*** Block opens ***

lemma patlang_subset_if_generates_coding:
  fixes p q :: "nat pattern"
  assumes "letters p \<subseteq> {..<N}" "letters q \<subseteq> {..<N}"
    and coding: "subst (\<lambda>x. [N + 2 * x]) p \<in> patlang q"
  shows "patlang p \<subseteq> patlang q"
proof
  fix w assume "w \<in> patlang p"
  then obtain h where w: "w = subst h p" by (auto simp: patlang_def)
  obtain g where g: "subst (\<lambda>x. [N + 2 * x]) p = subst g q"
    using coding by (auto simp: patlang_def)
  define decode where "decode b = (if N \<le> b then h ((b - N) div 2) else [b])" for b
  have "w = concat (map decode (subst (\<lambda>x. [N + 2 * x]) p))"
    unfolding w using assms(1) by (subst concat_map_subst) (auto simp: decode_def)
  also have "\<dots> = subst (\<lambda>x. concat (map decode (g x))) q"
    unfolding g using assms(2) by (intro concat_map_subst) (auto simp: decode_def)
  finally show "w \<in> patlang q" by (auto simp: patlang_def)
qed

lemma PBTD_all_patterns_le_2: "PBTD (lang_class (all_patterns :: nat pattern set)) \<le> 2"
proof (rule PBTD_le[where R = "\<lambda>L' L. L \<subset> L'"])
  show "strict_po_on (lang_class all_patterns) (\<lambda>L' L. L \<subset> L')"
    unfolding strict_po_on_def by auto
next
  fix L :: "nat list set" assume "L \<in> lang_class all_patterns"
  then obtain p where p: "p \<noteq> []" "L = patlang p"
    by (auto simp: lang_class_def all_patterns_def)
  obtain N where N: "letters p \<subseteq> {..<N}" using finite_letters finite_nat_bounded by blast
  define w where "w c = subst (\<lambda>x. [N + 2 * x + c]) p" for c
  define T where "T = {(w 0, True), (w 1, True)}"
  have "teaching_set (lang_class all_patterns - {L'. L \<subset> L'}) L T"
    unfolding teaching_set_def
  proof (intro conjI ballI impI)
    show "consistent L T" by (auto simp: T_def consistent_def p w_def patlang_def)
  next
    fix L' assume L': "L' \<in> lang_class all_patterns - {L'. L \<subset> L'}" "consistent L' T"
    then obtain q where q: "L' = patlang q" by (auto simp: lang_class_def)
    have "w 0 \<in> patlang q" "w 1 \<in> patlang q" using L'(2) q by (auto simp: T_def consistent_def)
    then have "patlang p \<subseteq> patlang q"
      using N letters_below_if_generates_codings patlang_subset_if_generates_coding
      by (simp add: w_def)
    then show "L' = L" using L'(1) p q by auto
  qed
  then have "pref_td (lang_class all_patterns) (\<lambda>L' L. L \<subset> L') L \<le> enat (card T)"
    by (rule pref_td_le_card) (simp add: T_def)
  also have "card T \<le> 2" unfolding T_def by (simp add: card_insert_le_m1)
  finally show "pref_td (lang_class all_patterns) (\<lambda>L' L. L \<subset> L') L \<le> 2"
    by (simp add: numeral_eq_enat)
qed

*** Block closes ***
*** Block opens ***

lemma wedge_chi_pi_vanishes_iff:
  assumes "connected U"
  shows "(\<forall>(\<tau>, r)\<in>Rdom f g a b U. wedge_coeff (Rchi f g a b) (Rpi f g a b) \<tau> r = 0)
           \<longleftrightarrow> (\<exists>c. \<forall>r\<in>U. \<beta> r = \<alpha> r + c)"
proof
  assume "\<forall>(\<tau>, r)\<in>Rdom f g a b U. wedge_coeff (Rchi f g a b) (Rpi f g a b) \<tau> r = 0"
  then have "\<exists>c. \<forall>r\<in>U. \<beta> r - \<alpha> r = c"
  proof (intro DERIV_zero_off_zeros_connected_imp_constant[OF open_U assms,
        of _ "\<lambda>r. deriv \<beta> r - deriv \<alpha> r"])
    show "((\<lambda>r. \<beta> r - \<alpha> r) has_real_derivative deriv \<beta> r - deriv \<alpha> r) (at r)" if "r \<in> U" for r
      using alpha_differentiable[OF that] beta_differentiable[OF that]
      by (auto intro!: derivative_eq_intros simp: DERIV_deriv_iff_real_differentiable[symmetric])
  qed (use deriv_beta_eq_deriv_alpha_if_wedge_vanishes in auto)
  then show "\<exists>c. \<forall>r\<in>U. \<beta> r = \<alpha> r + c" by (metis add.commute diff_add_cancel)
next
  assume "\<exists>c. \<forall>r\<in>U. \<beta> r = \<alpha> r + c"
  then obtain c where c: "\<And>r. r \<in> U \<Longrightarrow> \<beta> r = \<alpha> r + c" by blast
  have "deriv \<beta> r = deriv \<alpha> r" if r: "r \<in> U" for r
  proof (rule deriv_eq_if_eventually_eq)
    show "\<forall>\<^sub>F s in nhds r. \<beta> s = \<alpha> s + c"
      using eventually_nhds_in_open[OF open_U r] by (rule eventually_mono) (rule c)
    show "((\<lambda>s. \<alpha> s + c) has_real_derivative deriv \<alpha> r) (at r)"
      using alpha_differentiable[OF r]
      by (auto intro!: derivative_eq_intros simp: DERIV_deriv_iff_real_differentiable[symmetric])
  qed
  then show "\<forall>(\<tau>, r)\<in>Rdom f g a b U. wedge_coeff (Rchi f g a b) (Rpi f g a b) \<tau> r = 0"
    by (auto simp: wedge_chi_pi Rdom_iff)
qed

*** Block closes ***

Everything from the line with "simp: T_def consistent_def)" through the line with "L \<le> enat" in the listing above must be retyped exactly, with nothing added.

    have "w 0 \<in> patlang q" "w 1 \<in> patlang q" using L'(2) q by (auto simp: T_def consistent_def)
    then have "patlang p \<subseteq> patlang q"
      using N letters_below_if_generates_codings patlang_subset_if_generates_coding
      by (simp add: w_def)
    then show "L' = L" using L'(1) p q by auto
  qed
  then have "pref_td (lang_class all_patterns) (\<lambda>L' L. L \<subset> L') L \<le> enat (card T)"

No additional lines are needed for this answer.